■ **What to produce**
Transcribe only the lines of the listing below from the one holding "define m h where" through the one holding "unfolding ok_def m_def", inclusive, without any change.

■ **Data for the task**
>>>

lemma before_append:
  "before (xs @ ys) x y \<longleftrightarrow> before xs x y \<or> before ys x y \<or> (x \<in> set xs \<and> y \<in> set ys)"
proof
  assume "before (xs @ ys) x y"
  then obtain i j where ij: "i < j" "j < length (xs @ ys)" "(xs @ ys) ! i = x" "(xs @ ys) ! j = y"
    unfolding before_def by blast
  consider "j < length xs" | "i < length xs" "length xs \<le> j" | "length xs \<le> i"
    using ij(1) by linarith
  then show "before xs x y \<or> before ys x y \<or> (x \<in> set xs \<and> y \<in> set ys)"
  proof cases
    case 1
    then have "before xs x y" using ij unfolding before_def by (auto simp: nth_append)
    then show ?thesis by simp
  next
    case 2
    then show ?thesis using ij by (auto simp: nth_append)
  next
    case 3
    then have "before ys x y" using ij unfolding before_def
      by (intro exI[of _ "i - length xs"] exI[of _ "j - length xs"]) (auto simp: nth_append)
    then show ?thesis by simp
  qed
next
  assume "before xs x y \<or> before ys x y \<or> (x \<in> set xs \<and> y \<in> set ys)"
  then show "before (xs @ ys) x y"
  proof (elim disjE)
    assume "before xs x y"
    then obtain i j where "i < j" "j < length xs" "xs ! i = x" "xs ! j = y"
      unfolding before_def by blast
    then show ?thesis unfolding before_def
      by (intro exI[of _ i] exI[of _ j]) (auto simp: nth_append)
  next
    assume "before ys x y"
    then obtain i j where "i < j" "j < length ys" "ys ! i = x" "ys ! j = y"
      unfolding before_def by blast
    then show ?thesis unfolding before_def
      by (intro exI[of _ "i + length xs"] exI[of _ "j + length xs"]) (auto simp: nth_append)
  next
    assume "x \<in> set xs \<and> y \<in> set ys"
    then obtain i j where "i < length xs" "xs ! i = x" "j < length ys" "ys ! j = y"
      by (meson in_set_conv_nth)
    then show ?thesis unfolding before_def
      by (intro exI[of _ i] exI[of _ "j + length xs"]) (auto simp: nth_append)
  qed
qed

lemma finite_backedges: "finite (backedges E xs)"
  by (rule finite_subset[of _ "{..<length xs} \<times> {..<length xs}"]) (auto simp: backedges_def)

lemma backpairs_subset: "backpairs E xs \<subseteq> set xs \<times> set xs"
  unfolding backpairs_def using before_in_set by fastforce

lemma card_backedges_eq_backpairs:
  assumes "distinct xs"
  shows "card (backedges E xs) = card (backpairs E xs)"
proof -
  have "backpairs E xs = (\<lambda>(i, j). (xs ! i, xs ! j)) ` backedges E xs"
    unfolding backpairs_def backedges_def before_def by auto
  moreover have "inj_on (\<lambda>(i, j). (xs ! i, xs ! j)) (backedges E xs)"
    unfolding inj_on_def backedges_def using assms by (auto simp: nth_eq_iff_index_eq)
  ultimately show ?thesis by (simp add: card_image)
qed

text \<open>The backwards pairs of P @ U @ S not inside U depend on U only through its vertex set.\<close>
lemma card_backpairs_middle:
  assumes "distinct (P @ U @ S)"
  shows "card (backpairs E (P @ U @ S)) =
    card (backpairs E P \<union> backpairs E S \<union>
      {(x, y). E y x \<and> (x \<in> set P \<and> y \<in> set U \<union> set S \<or> x \<in> set U \<and> y \<in> set S)})
    + card (backpairs E U)" (is "_ = card ?X + _")
proof -
  have split: "backpairs E (P @ U @ S) = ?X \<union> backpairs E U"
    unfolding backpairs_def by (auto simp: before_append)
  have "?X \<subseteq> set (P @ U @ S) \<times> set (P @ U @ S)"
    using backpairs_subset[of E P] backpairs_subset[of E S] by auto
  then have "finite ?X" by (rule finite_subset) auto
  moreover have "finite (backpairs E U)"
    using backpairs_subset by (rule finite_subset) auto
  moreover have "?X \<inter> backpairs E U = {}"
    using assms backpairs_subset[of E P] backpairs_subset[of E S] backpairs_subset[of E U]
    by auto
  ultimately show ?thesis unfolding split by (simp add: card_Un_disjoint)
qed

lemma optimal_ordering_segment:
  assumes opt: "optimal_ordering V E vs" and "a + m \<le> length vs"
  shows "optimal_ordering (set (take m (drop a vs))) E (take m (drop a vs))"
  unfolding optimal_ordering_def
proof (intro conjI allI impI)
  define P U S where "P = take a vs" and "U = take m (drop a vs)" and "S = drop (a + m) vs"
  have vs: "vs = P @ U @ S" unfolding P_def U_def S_def
    by (metis add.commute append_take_drop_id drop_drop)
  have dv: "distinct vs" and sv: "set vs = V"
    using opt unfolding optimal_ordering_def is_ordering_def by auto
  show "is_ordering (set U) U" using dv vs unfolding is_ordering_def by auto
  fix us assume "is_ordering (set U) us"
  then have su: "set us = set U" and du: "distinct us" unfolding is_ordering_def by auto
  have dv': "distinct (P @ us @ S)" using dv su du vs by auto
  have "card (backpairs E (P @ U @ S)) \<le> card (backpairs E (P @ us @ S))"
    using opt dv' sv su dv vs
    unfolding optimal_ordering_def is_ordering_def card_backedges_eq_backpairs[OF dv]
    by (metis card_backedges_eq_backpairs set_append)
  then have "card (backpairs E U) \<le> card (backpairs E us)"
    using card_backpairs_middle[OF dv'] card_backpairs_middle[of P U S E] dv vs su by simp
  then show "card (backedges E U) \<le> card (backedges E us)"
    using du dv vs by (simp add: card_backedges_eq_backpairs)
qed

lemma optimal_not_far_from_transitive:
  assumes "optimal_ordering V E vs" and "\<not> far_from_transitive V E \<delta>"
  shows "real (card (backedges E vs)) < \<delta> * (real (card V))\<^sup>2"
  using assms unfolding optimal_ordering_def far_from_transitive_def
  by (meson le_less_trans not_le of_nat_le_iff)

definition window_backedges :: "('a \<Rightarrow> 'a \<Rightarrow> bool) \<Rightarrow> 'a list \<Rightarrow> nat \<Rightarrow> nat \<Rightarrow> (nat \<times> nat) set"
  where "window_backedges E vs a m = {(i, j) \<in> backedges E vs. a \<le> i \<and> j < a + m}"

lemma card_backedges_window_le:
  assumes "a + m \<le> length vs"
  shows "card (window_backedges E vs a m) \<le> card (backedges E (take m (drop a vs)))"
proof (rule card_inj_on_le[OF _ _ finite_backedges])
  show "inj_on (\<lambda>(i, j). (i - a, j - a)) (window_backedges E vs a m)"
    unfolding inj_on_def window_backedges_def backedges_def by auto
  show "(\<lambda>(i, j). (i - a, j - a)) ` window_backedges E vs a m
      \<subseteq> backedges E (take m (drop a vs))"
    unfolding window_backedges_def backedges_def using assms by (auto simp: nth_take nth_drop)
qed

lemma card_backedges_window_lt:
  assumes "optimal_ordering V E vs" and "a + m \<le> length vs"
    and "\<not> far_from_transitive (set (take m (drop a vs))) E \<delta>"
  shows "real (card (window_backedges E vs a m)) < \<delta> * (real m)\<^sup>2"
proof -
  have "distinct vs" using assms(1) unfolding optimal_ordering_def is_ordering_def by auto
  then have "card (set (take m (drop a vs))) = m"
    using assms(2) by (simp add: distinct_card)
  then have "real (card (backedges E (take m (drop a vs)))) < \<delta> * (real m)\<^sup>2"
    using optimal_not_far_from_transitive[OF optimal_ordering_segment[OF assms(1,2)] assms(3)]
    by simp
  then show ?thesis using card_backedges_window_le[OF assms(2), of E] by linarith
qed

text \<open>Windows of length m \<ge> n/8 starting every h positions: the overlap m - h accommodates
  every edge of length below n/16, K windows reach the end, and their total budget 2Km^2 is
  at most 3n^2/4. Below 64 the rounding is too coarse for a uniform
  choice and the values are checked one by one.\<close>
lemma window_parameters:
  fixes n :: nat
  assumes "n \<ge> 17"
  obtains m h K where "1 \<le> h" "h \<le> m" "m \<le> n" "n \<le> 8 * m" "n \<le> 16 * (m - h + 1)"
    "0 < K" "n - m \<le> (K - 1) * h" "8 * K * m * m \<le> 3 * n * n"
proof (cases "n \<ge> 64")
  case True
  define q where "q = n div 16"
  have q: "q \<ge> 4" "16 * q \<le> n" "n \<le> 16 * q + 15" using True unfolding q_def by auto
  have "8 * 15 * (2 * q + 2) * (2 * q + 2) = 480 * q * q + 960 * q + 480"
    by (simp add: algebra_simps)
  also have "\<dots> \<le> 768 * q * q" using q(1) mult_le_mono1[OF q(1), of "288 * q"] by linarith
  also have "\<dots> \<le> 3 * n * n" using mult_le_mono[OF q(2) q(2)] by simp
  finally show ?thesis using q by (intro that[where m = "2 * q + 2" and h = "q + 2" and K = 15]) auto
next
  case False
  define ok where "ok n m h K \<longleftrightarrow> 1 \<le> h \<and> h \<le> m \<and> m \<le> n \<and> n \<le> 8 * m
    \<and> n \<le> 16 * (m - h + 1) \<and> 0 < K \<and> n - m \<le> (K - 1) * h \<and> 8 * K * m * m \<le> 3 * n * n"
    for n m h K :: nat
  define m h where "m n = (n + 7) div 8" and "h n = m n - (n - 1) div 16" for n :: nat
  have "\<forall>n \<in> set [17..<64]. ok n (m n) (h n) ((n - m n + h n - 1) div h n + 1)"
    unfolding ok_def m_def h_def by (simp add: upt_rec)
  moreover have "n \<in> set [17..<64]" using assms False by (simp only: set_upt) simp
  ultimately show ?thesis using that unfolding ok_def by blast
qed

lemma short_pair_in_window:
  fixes i j m h n K :: nat
  assumes "1 \<le> h" "h \<le> m" "m \<le> n" "0 < K" "n - m \<le> (K - 1) * h"
    and "i < j" "j < n" "j - i \<le> m - h"
  shows "\<exists>t<K. min (t * h) (n - m) \<le> i \<and> j < min (t * h) (n - m) + m"
proof -
  define t where "t = min (i div h) (K - 1)"
  have "t < K" unfolding t_def using assms(4) by auto
  moreover have th: "t * h \<le> i" unfolding t_def
    by (meson div_times_less_eq_dividend le_trans min.cobounded1 mult_le_mono1)
  moreover have "j < min (t * h) (n - m) + m"
  proof (cases "t * h < n - m")
    case True
    have "t = i div h"
    proof (rule ccontr)
      assume "t \<noteq> i div h"
      then have "t = K - 1" unfolding t_def by (auto simp: min_def)
      then show False using True assms(5) by simp
    qed
    then have "i < t * h + h" using assms(1)
      by (metis add.commute div_mult_mod_eq less_add_same_cancel1 mod_less_divisor
          add_less_mono1 zero_less_one le_less_trans)
    then show ?thesis using True assms(2,8) by (simp add: min_def)
  next
    case False
    then show ?thesis using assms(3,7) by (simp add: min_def)
  qed
  ultimately show ?thesis by (intro exI[of _ t]) (auto simp: min_def)
qed

lemma short_backedges_subset_windows:
  assumes "length vs = n" "1 \<le> h" "h \<le> m" "m \<le> n" "n \<le> 16 * (m - h + 1)"
    "0 < K" "n - m \<le> (K - 1) * h"
  shows "{(i, j) \<in> backedges E vs. 16 * (j - i) < n}
    \<subseteq> (\<Union>t<K. window_backedges E vs (min (t * h) (n - m)) m)"
proof safe
  fix i j assume ij: "(i, j) \<in> backedges E vs" "16 * (j - i) < n"
  then have "i < j" "j < n" using assms(1) by (auto simp: backedges_def)
  then show "(i, j) \<in> (\<Union>t<K. window_backedges E vs (min (t * h) (n - m)) m)"
    using short_pair_in_window[OF assms(2,3,4,6,7)] ij assms(5)
    unfolding window_backedges_def by fastforce
qed

lemma card_short_backedges_le:
  assumes "\<epsilon> \<ge> 0" and opt: "optimal_ordering V E vs"
    and not_far: "\<And>S. S \<subseteq> V \<Longrightarrow> real (card S) \<ge> real (card V) / 8 \<Longrightarrow>
      \<not> far_from_transitive S E (2 * \<epsilon>)"
  shows "real (card {(i, j) \<in> backedges E vs. 16 * (j - i) < card V})
    \<le> 3 / 4 * \<epsilon> * (real (card V))\<^sup>2" (is "real (card ?Sh) \<le> _")
proof (cases "card V \<le> 16")
  case True
  then have empty: "?Sh = {}" unfolding backedges_def by auto
  show ?thesis using assms(1) unfolding empty by simp
next
  case False
  define n where "n = card V"
  have dv: "distinct vs" and sv: "set vs = V"
    using opt unfolding optimal_ordering_def is_ordering_def by auto
  have len: "length vs = n" unfolding n_def using dv sv distinct_card by metis
  have "n \<ge> 17" using False n_def by simp
  then obtain m h K where p: "1 \<le> h" "h \<le> m" "m \<le> n" "n \<le> 8 * m" "n \<le> 16 * (m - h + 1)"
    "0 < K" "n - m \<le> (K - 1) * h" "8 * K * m * m \<le> 3 * n * n"
    by (rule window_parameters)
  define W where "W t = window_backedges E vs (min (t * h) (n - m)) m" for t
  have fits: "min (t * h) (n - m) + m \<le> length vs" for t using p(3) len by auto
  have "finite (W t)" for t
    unfolding W_def window_backedges_def by (rule finite_subset[OF _ finite_backedges]) auto
  then have "card ?Sh \<le> card (\<Union>t<K. W t)"
    using short_backedges_subset_windows[OF len p(1,2,3,5,6,7), of E]
    unfolding W_def n_def by (intro card_mono) auto
  also have "\<dots> \<le> (\<Sum>t<K. card (W t))" by (rule card_UN_le) simp
  finally have "real (card ?Sh) \<le> (\<Sum>t<K. real (card (W t)))" by (simp flip: of_nat_sum)
  also have "\<dots> \<le> (\<Sum>t<K. 2 * \<epsilon> * (real m)\<^sup>2)"
  proof (rule sum_mono, rule less_imp_le)
    fix t
    have "set (take m (drop (min (t * h) (n - m)) vs)) \<subseteq> V"
      using sv by (meson in_set_dropD in_set_takeD subsetI)
    moreover have "real (card (set (take m (drop (min (t * h) (n - m)) vs)))) \<ge> real n / 8"
      using fits[of t] dv p(4) by (simp add: distinct_card)
    ultimately show "real (card (W t)) < 2 * \<epsilon> * (real m)\<^sup>2"
      unfolding W_def using card_backedges_window_lt[OF opt fits] not_far n_def by blast
  qed
  also have "\<dots> = \<epsilon> * (2 * real K * (real m)\<^sup>2)" by simp
  also have "\<dots> \<le> \<epsilon> * (3 / 4 * (real n)\<^sup>2)"
    using assms(1) of_nat_mono[OF p(8), where 'a = real]
    by (intro mult_left_mono) (auto simp: power2_eq_square)
  finally show ?thesis unfolding n_def by simp
qed
lemma renewal_label_eq_iff:
  assumes \<alpha>: "\<alpha> \<in> PiE (aztec_vertices n - R) (faces_at n)" and v: "v \<in> aztec_vertices n"
  shows "(v \<in> renewed n R (aztec_vertices n) \<and> renewal_label n R \<alpha> v = F)
     \<longleftrightarrow> (F \<in> faces_at n v \<and> \<not> (v \<in> aztec_vertices n - R \<and> \<alpha> v = F))"
proof (cases "v \<in> R")
  case True
  then have "faces_at n v = {boundary_face n v}" using R_boundary v n by (intro faces_at_boundary) auto
  then show ?thesis using True v unfolding renewal_label_def renewed_def by auto
next
  case False
  then have \<alpha>v: "\<alpha> v \<in> faces_at n v" using \<alpha> v by (simp add: PiE_iff)
  show ?thesis
  proof (cases "interior n v")
    case True
    have "reflect v (\<alpha> v) \<in> faces_at n v" "reflect v (\<alpha> v) \<noteq> \<alpha> v"
      using reflect_faces_at[OF v True \<alpha>v] reflect_neq[OF v \<alpha>v] by blast+
    moreover have "F \<in> faces_at n v \<Longrightarrow> F = \<alpha> v \<or> F = reflect v (\<alpha> v)"
      using faces_at_reflect_cases[OF v \<alpha>v] by blast
    ultimately show ?thesis using v False True unfolding renewal_label_def renewed_def by auto
  next
    case False
    then have "faces_at n v = {boundary_face n v}" using v n by (intro faces_at_boundary) auto
    then show ?thesis using \<alpha>v v False \<open>v \<notin> R\<close> unfolding renewed_def by auto
  qed
qed

lemma renewal_label_white_class:
  assumes \<alpha>: "\<alpha> \<in> PiE (aztec_vertices n - R) (faces_at n)" and F: "F \<in> aztec_faces n"
  shows "{w \<in> renewed n R (aztec_white n). renewal_label n R \<alpha> w = F}
     = {north F, south F} - {w \<in> aztec_white n - R. \<alpha> w = F}"
proof -
  have "w \<in> renewed n R (aztec_white n) \<and> renewal_label n R \<alpha> w = F
      \<longleftrightarrow> w \<in> {w \<in> aztec_white n. F \<in> faces_at n w} \<and> \<not> (w \<in> aztec_white n - R \<and> \<alpha> w = F)" for w
    using renewal_label_eq_iff[OF \<alpha>, of w F] aztec_white_black_disjoint
    unfolding renewed_def by blast
  then show ?thesis using white_corners_of_face[OF F] by blast
qed

lemma renewal_label_black_class:
  assumes \<alpha>: "\<alpha> \<in> PiE (aztec_vertices n - R) (faces_at n)" and F: "F \<in> aztec_faces n"
  shows "{b \<in> renewed n R (aztec_black n). renewal_label n R \<alpha> b = F}
     = {west F, east F} - {b \<in> aztec_black n - R. \<alpha> b = F}"
proof -
  have "b \<in> renewed n R (aztec_black n) \<and> renewal_label n R \<alpha> b = F
      \<longleftrightarrow> b \<in> {b \<in> aztec_black n. F \<in> faces_at n b} \<and> \<not> (b \<in> aztec_black n - R \<and> \<alpha> b = F)" for b
    using renewal_label_eq_iff[OF \<alpha>, of b F] aztec_white_black_disjoint
    unfolding renewed_def by blast
  then show ?thesis using black_corners_of_face[OF F] by blast
qed


lemma dimer_Z_face_renewal:
  fixes \<omega> :: "vtx \<times> vtx \<Rightarrow> real"
  assumes D: "D \<noteq> 0" and F: "F \<in> aztec_faces n"
    and face_D: "D = \<omega> (north F, west F) * \<omega> (south F, east F) + \<omega> (north F, east F) * \<omega> (south F, west F)"
    and \<alpha>: "\<alpha> \<in> PiE (aztec_vertices n - R) (faces_at n)"
  shows "dimer_Z {w\<in>aztec_white n - R. \<alpha> w = F} {b\<in>aztec_black n - R. \<alpha> b = F}
      {e \<in> aztec_edges. face_of_edge e = F} \<omega>
    = D * dimer_Z {w\<in>renewed n R (aztec_white n). renewal_label n R \<alpha> w = F}
        {b\<in>renewed n R (aztec_black n). renewal_label n R \<alpha> b = F}
        {e \<in> aztec_edges. face_of_edge e = F} (\<lambda>e. \<omega> (opposite_edge e) / D)"
proof -
  have "{w\<in>aztec_white n - R. \<alpha> w = F} \<subseteq> {north F, south F}"
    "{b\<in>aztec_black n - R. \<alpha> b = F} \<subseteq> {west F, east F}"
    using \<alpha> white_corners_of_face[OF F] black_corners_of_face[OF F] by (auto simp: PiE_iff)
  from dimer_Z_urban_renewal[OF face_corners_distinct face_square_edges this face_D D]
  show ?thesis
    by (simp add: opposite_edge_face renewal_label_white_class[OF \<alpha> F] renewal_label_black_class[OF \<alpha> F])
qed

<<<

■ **Expected output**
  define m h where "m n = (n + 7) div 8" and "h n = m n - (n - 1) div 16" for n :: nat
  have "\<forall>n \<in> set [17..<64]. ok n (m n) (h n) ((n - m n + h n - 1) div h n + 1)"
    unfolding ok_def m_def h_def by (simp add: upt_rec)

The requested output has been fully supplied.